# termites?



## boman47k (Aug 25, 2006)

Does this look like termite damage?


----------



## Bud Cline (Mar 12, 2006)

Nada.


----------



## PAbugman (Jun 29, 2010)

Don’t see anything that looks obviously like termites. Looks like “brown rot/dry rot” in the first picture. What is the white fibrous looking material in the second pic?

Subterranean termites bring mud into the wood with them. Probe the wood, break open the weak areas and look for galleries and dried mud in them. If you find saw dust, or a powdery dust, that would be beetle larvae damage. If you can’t tell, then wet it. Dried mud will smear when wet, wood dust/frass won’t. 

If just dry rot/brown rot, it will break off in soft, fibrous chunks. Could the white material in the second picture be a wood-destroying fungus? There may have been or may be chronic moisture issues.


----------



## boman47k (Aug 25, 2006)

I do have a moisture problem under the house, and was wondering if this was termite, carpenter bees, or something or moisture damage.

Not sure about the white stuff. I don't recall seeing it until I loaded the pics on my laptop. I just did a quick scoot in and out with no light.

One day, wife and I heard a very noticible snap/crack. I went under and found a joist in that area with a somewhat long crack in it. I need to correct some drainage around the north end of this house.


----------



## PAbugman (Jun 29, 2010)

After further review (watching too much football), look at the second photo; the top right photo. Are those vertical mud tubes going from soil upwards on the block walls?

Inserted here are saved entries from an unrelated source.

(* For every $(A,B,v)\in\mathrm{SU}(2)\times\mathbb{R}$, $$d_1(\mathrm{Id},(A,B,v))=d_2(\mathrm{Id},(Ae^{iv/2},Be^{-iv/2},v)).$$
   Context: $\mathrm{SU}(2)\times\mathbb{R}$ is the group of matrices $(A,B,v)=\begin{pmatrix}A&B&0\\-\overline{B}&\overline{A}&0\\0&0&e^v\end{pmatrix}$, $A,B\in\mathbb{C}$, $|A|^2+|B|^2=1$, $v\in\mathbb{R}$, with identity $\mathrm{Id}$. Let $E_1=\tfrac12(e_{12}-e_{21})$, $E_2=\tfrac{i}{2}(e_{12}+e_{21})$, $E_3=\tfrac{i}{2}(e_{11}-e_{22})$, $E_4=e_{33}$ ($e_{jk}$ the $3\times3$ matrix units). $d_1$ (resp. $d_2$) is the left-invariant sub-Riemannian metric defined by the left-invariant distribution whose value at $\mathrm{Id}$ is $\mathrm{span}(E_1,E_4-E_3,E_2)$ (resp. $\mathrm{span}(E_1,E_4,E_2)$), with the inner product for which these three vectors are orthonormal; the distance is the infimum of lengths of horizontal curves. *)

theory Defs
  imports "HOL-Analysis.Analysis" "HOL-Library.Numeral_Type"
begin

text \<open>3x3 complex matrices. Indices of type 3 are written 1, 2, 3 (note 3 = 0 in type 3,
  but 1, 2, 3 are three distinct indices).\<close>

type_synonym cmat3 = "complex^3^3"

definition munit :: "3 \<Rightarrow> 3 \<Rightarrow> cmat3" where
  "munit j k = (\<chi> a b. if a = j \<and> b = k then 1 else 0)"

definition csmult :: "complex \<Rightarrow> cmat3 \<Rightarrow> cmat3" where
  "csmult c M = (\<chi> a b. c * M $ a $ b)"

definition grp :: "complex \<Rightarrow> complex \<Rightarrow> real \<Rightarrow> cmat3" where
  "grp A B v = csmult A (munit 1 1) + csmult B (munit 1 2) - csmult (cnj B) (munit 2 1)
              + csmult (cnj A) (munit 2 2) + csmult (of_real (exp v)) (munit 3 3)"

definition E1 :: cmat3 where "E1 = csmult (1/2) (munit 1 2 - munit 2 1)"
definition E2 :: cmat3 where "E2 = csmult (\<i>/2) (munit 1 2 + munit 2 1)"
definition E3 :: cmat3 where "E3 = csmult (\<i>/2) (munit 1 1 - munit 2 2)"
definition E4 :: cmat3 where "E4 = munit 3 3"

Next tiime you are in there, take a good light and scrape parts of them. If it is mud tunnels, then that would be subterranean termite evidence. Moisture problems, dry rot, fungus, termites are all found in the same environment, as well as carpenter ants. If they are mud tunnels, after scraping parts of them, watch for a minute and see if the small, white worker termite emerges. Otherwise, scrape enough that you can see the broken mud tunnels from the crawl opening and see if they get rebuilt after a day or so.


----------



## boman47k (Aug 25, 2006)

PA, I think one of those vertical lines is old wiring I replaced when I rewired a few rooms. The other may be a crack in the foundation, but I will have a look. May be moisture seeping through. I don't think I have ever found actual tunnels when looking for them. I do seem to remember finding a hole somewhere under there in the wood.

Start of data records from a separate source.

(* Let $D\subset\mathbb{R}^d$ ($d\ge 3$) be a bounded regular domain and let $f:\partial D\to\overline{\mathbb{R}}$. Suppose $h_1,h_2$ are harmonic functions on $D$ and $k_1,k_2:D\to\mathbb{R}_+$ are real-valued non-negative superharmonic functions on $D$ such that $h_1$ converges to $f$ controlled by $k_1$ and $h_2$ converges to $f$ controlled by $k_2$. Then $h_1=h_2$ on $D$. In particular, if $u$ is a harmonic function on $D$ which converges to $0$ controlled by a real-valued non-negative superharmonic function $k$ on $D$, then $u=0$ on $D$.
   Context: Controlled convergence: for $f:\partial D\to\overline{\mathbb{R}}$ and $h,k:D\to\mathbb{R}$ with $k\ge 0$, one says $h$ converges to $f$ controlled by $k$ if for every $A\subset D$ and every $y\in\partial D\cap\overline{A}$: (1) if $\limsup_{A\ni x\to y}k(x)<\infty$ then $f(y)\in\mathbb{R}$ and $f(y)=\lim_{A\ni x\to y}h(x)$; (2) if $\lim_{A\ni x\to y}k(x)=\infty$ then $\lim_{A\ni x\to y}\frac{h(x)}{1+k(x)}=0$. *)

theory Defs
  imports "HOL-Analysis.Analysis"
begin

text \<open>Harmonic functions: C^2 functions on an open set with vanishing Laplacian.
  g is the gradient, H x is the derivative of the gradient at x (the Hessian as a linear map);
  the Laplacian at x is the trace of H x.\<close>
definition harmonic_on :: "('a::euclidean_space) set \<Rightarrow> ('a \<Rightarrow> real) \<Rightarrow> bool" where
  "harmonic_on D h \<longleftrightarrow> open D \<and>
     (\<exists>g H. (\<forall>x\<in>D. (h has_derivative (\<lambda>v. g x \<bullet> v)) (at x)
                    \<and> (g has_derivative H x) (at x)
                    \<and> (\<Sum>b\<in>Basis. H x b \<bullet> b) = 0)
          \<and> (\<forall>v. continuous_on D (\<lambda>x. H x v)))"

definition lsc_on :: "('a::topological_space) set \<Rightarrow> ('a \<Rightarrow> real) \<Rightarrow> bool" where
  "lsc_on D u \<longleftrightarrow> (\<forall>x\<in>D. \<forall>t. t < u x \<longrightarrow> eventually (\<lambda>y. t < u y) (at x within D))"

definition superharmonic_on :: "('a::euclidean_space) set \<Rightarrow> ('a \<Rightarrow> real) \<Rightarrow> bool" where
  "superharmonic_on D u \<longleftrightarrow> open D \<and> lsc_on D u \<and>
     (\<forall>c r v. 0 < r \<and> cball c r \<subseteq> D \<and> continuous_on (cball c r) v \<and> harmonic_on (ball c r) v
        \<and> (\<forall>y\<in>sphere c r. v y \<le> u y) \<longrightarrow> (\<forall>y\<in>ball c r. v y \<le> u y))"

definition regular_domain :: "('a::euclidean_space) set \<Rightarrow> bool" where
  "regular_domain D \<longleftrightarrow> open D \<and> connected D \<and> D \<noteq> {} \<and> bounded D \<and>
     (\<forall>\<phi>. continuous_on (frontier D) \<phi> \<longrightarrow>
        (\<exists>h. harmonic_on D h \<and> (\<forall>y\<in>frontier D. (h \<longlongrightarrow> \<phi> y) (at y within D))))"

definition controlled_conv ::
  "('a::euclidean_space) set \<Rightarrow> ('a \<Rightarrow> ereal) \<Rightarrow> ('a \<Rightarrow> real) \<Rightarrow> ('a \<Rightarrow> real) \<Rightarrow> bool" where
  "controlled_conv D f h k \<longleftrightarrow>
     (\<forall>A y. A \<subseteq> D \<and> y \<in> frontier D \<and> y \<in> closure A \<longrightarrow>
        ((Limsup (at y within A) (\<lambda>x. ereal (k x)) < \<infinity> \<longrightarrow>
            f y \<noteq> \<infinity> \<and> f y \<noteq> -\<infinity> \<and> (h \<longlongrightarrow> real_of_ereal (f y)) (at y within A))
       \<and> (filterlim k at_top (at y within A) \<longrightarrow>
            ((\<lambda>x. h x / (1 + k x)) \<longlongrightarrow> 0) (at y within A))))"

end

(*
  Fix e > 0. Along any set approaching a boundary point y, either k1 stays bounded, and then
  h1 tends to f y, or k1 tends to infinity, and then h1 = o(1 + k1); in both cases
  h1 - e k1 < f y + e near y, and symmetrically h2 + e k2 > f y - e. A partition of unity on
  the compact boundary glues the values f y into a continuous function phi squeezed between
  these bounds, and regularity of D provides a harmonic H with boundary values phi. Then
  e k1 - (h1 - H) and e k2 - (H - h2) are superharmonic and exceed -2e near the boundary, so by
  the minimum principle they exceed -2e on D. Hence h1 - h2 <= e (k1 + k2 + 4), and letting
  e -> 0 and exchanging the roles gives h1 = h2. The minimum principle holds because
  u - eta |x|^2 cannot attain a minimum in D: near such a point it would lie above an affine
  function on a sphere but not at the centre. The second claim is the case h2 = 0, k2 = k.
*)

theory Submission
  imports Defs
begin

lemma eventually_at_within_if_notin_closure:
  assumes "y \<notin> closure {x\<in>A. \<not> P x}"
  shows "eventually P (at y within A)"
proof -
  let ?U = "- closure {x\<in>A. \<not> P x}"
  have "P x" if "x \<in> A" "x \<in> ?U" for x
  proof (rule ccontr)
    assume "\<not> P x"
    then have "x \<in> closure {x\<in>A. \<not> P x}"
      using that(1) by (intro closure_subset[THEN subsetD]) simp
    with that(2) show False
      by simp
  qed
  moreover have "open ?U" "y \<in> ?U"
    using assms by auto
  ultimately show ?thesis
    unfolding eventually_at_topological by blast
qed

lemma ex_if_eventually_at_within_closure:
  assumes "y \<in> closure A" "y \<notin> A" "eventually P (at y within A)"
  shows "\<exists>x\<in>A. P x"
proof -
  have "eventually (\<lambda>x. x \<in> A) (at y within A)"
    by (simp add: eventually_at_filter)
  then have "eventually (\<lambda>x. x \<in> A \<and> P x) (at y within A)"
    using assms(3) by (rule eventually_conj)
  moreover have "at y within A \<noteq> bot"
    using assms(1,2) by (simp add: at_within_eq_bot_iff)
  ultimately show ?thesis
    using eventually_happens' by blast
qed

lemma filterlim_at_top_or_closure_sublevel:
  fixes k :: "'a::topological_space \<Rightarrow> real"
  shows "filterlim k at_top (at y within A) \<or> (\<exists>n::nat. y \<in> closure {x\<in>A. k x \<le> real n})"
proof (rule disjCI)
  assume "\<not> (\<exists>n::nat. y \<in> closure {x\<in>A. k x \<le> real n})"
  then have above: "eventually (\<lambda>x. real n < k x) (at y within A)" for n :: nat
    by (intro eventually_at_within_if_notin_closure) (simp add: not_less)
  have "eventually (\<lambda>x. Z \<le> k x) (at y within A)" for Z
    using above[of "nat \<lceil>Z\<rceil>"] by eventually_elim (use real_nat_ceiling_ge[of Z] in linarith)
  then show "filterlim k at_top (at y within A)"
    by (simp add: filterlim_at_top)
qed

lemma harmonic_on_imp_open: "harmonic_on D u \<Longrightarrow> open D"
  by (simp add: harmonic_on_def)

lemma harmonic_on_imp_continuous_on: "harmonic_on D u \<Longrightarrow> continuous_on D u"
  unfolding harmonic_on_def
  by (metis continuous_at_imp_continuous_on has_derivative_continuous)

lemma harmonic_on_subset:
  assumes "harmonic_on D u" "open S" "S \<subseteq> D"
  shows "harmonic_on S u"
proof -
  obtain g H where "\<forall>x\<in>D. (u has_derivative (\<lambda>y. g x \<bullet> y)) (at x)
      \<and> (g has_derivative H x) (at x) \<and> (\<Sum>i\<in>Basis. H x i \<bullet> i) = 0"
    and "\<forall>y. continuous_on D (\<lambda>x. H x y)"
    using assms(1) unfolding harmonic_on_def by blast
  then show ?thesis
    using assms(2,3) continuous_on_subset unfolding harmonic_on_def by blast
qed

lemma harmonic_on_affine:
  fixes c :: "'a::euclidean_space"
  assumes "open D"
  shows "harmonic_on D (\<lambda>x. c \<bullet> x + d)"
  unfolding harmonic_on_def
proof (intro conjI exI[of _ "\<lambda>_. c"] exI[of _ "\<lambda>_ _. 0"] ballI allI)
  fix x
  show "((\<lambda>x. c \<bullet> x + d) has_derivative (\<bullet>) c) (at x)"
    by (auto intro!: derivative_eq_intros)
qed (use assms in auto)

lemma harmonic_on_lincomb:
  assumes "harmonic_on D u" "harmonic_on D v"
  shows "harmonic_on D (\<lambda>x. a * u x + b * v x)"
proof -
  obtain gu Hu where u: "\<forall>x\<in>D. (u has_derivative (\<lambda>y. gu x \<bullet> y)) (at x)
      \<and> (gu has_derivative Hu x) (at x) \<and> (\<Sum>i\<in>Basis. Hu x i \<bullet> i) = 0"
    and Hu: "\<forall>y. continuous_on D (\<lambda>x. Hu x y)"
    using assms(1) unfolding harmonic_on_def by blast
  obtain gv Hv where v: "\<forall>x\<in>D. (v has_derivative (\<lambda>y. gv x \<bullet> y)) (at x)
      \<and> (gv has_derivative Hv x) (at x) \<and> (\<Sum>i\<in>Basis. Hv x i \<bullet> i) = 0"
    and Hv: "\<forall>y. continuous_on D (\<lambda>x. Hv x y)"
    using assms(2) unfolding harmonic_on_def by blast
  define g where "g x = a *\<^sub>R gu x + b *\<^sub>R gv x" for x
  define H where "H x y = a *\<^sub>R Hu x y + b *\<^sub>R Hv x y" for x y
  have "((\<lambda>x. a * u x + b * v x) has_derivative (\<lambda>y. g x \<bullet> y)) (at x)
      \<and> (g has_derivative H x) (at x) \<and> (\<Sum>i\<in>Basis. H x i \<bullet> i) = 0" if "x \<in> D" for x
  proof (intro conjI)
    have "((\<lambda>x. a * u x + b * v x) has_derivative (\<lambda>y. a * (gu x \<bullet> y) + b * (gv x \<bullet> y))) (at x)"
      using u v that by (intro has_derivative_add has_derivative_mult_right) auto
    then show "((\<lambda>x. a * u x + b * v x) has_derivative (\<lambda>y. g x \<bullet> y)) (at x)"
      by (simp add: g_def inner_add_left)
    show "(g has_derivative H x) (at x)"
      using u v that unfolding g_def H_def by (intro has_derivative_add has_derivative_scaleR_right) auto
    show "(\<Sum>i\<in>Basis. H x i \<bullet> i) = 0"
      using u v that by (simp add: H_def inner_add_left sum.distrib flip: sum_distrib_left)
  qed
  moreover have "continuous_on D (\<lambda>x. H x y)" for y
    using Hu Hv unfolding H_def by (intro continuous_on_add continuous_on_scaleR continuous_on_const) auto
  ultimately show ?thesis
    unfolding harmonic_on_def using harmonic_on_imp_open[OF assms(1)]
    by (intro conjI exI[of _ g] exI[of _ H]) blast+
qed

lemma harmonic_on_diff:
  "harmonic_on D u \<Longrightarrow> harmonic_on D v \<Longrightarrow> harmonic_on D (\<lambda>x. u x - v x)"
  using harmonic_on_lincomb[of D u v 1 "-1"] by simp

lemma lsc_on_subset: "lsc_on D u \<Longrightarrow> S \<subseteq> D \<Longrightarrow> lsc_on S u"
  unfolding lsc_on_def by (meson filter_leD at_le subsetD)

A few of these joists I have concern about is in front of where the piano is I will have to move when I install the new laminate. I can jsu see me and the piano falling through the floor!  

These floor joists are 2x8's with 12.5' to 13.5' lengths. That explains some of the bounciness in the floors, imo. If they had nailed the bottom of the cross braces, maybe it would be a little different. Its like whoever built the house forgot to nail the bottoms.


----------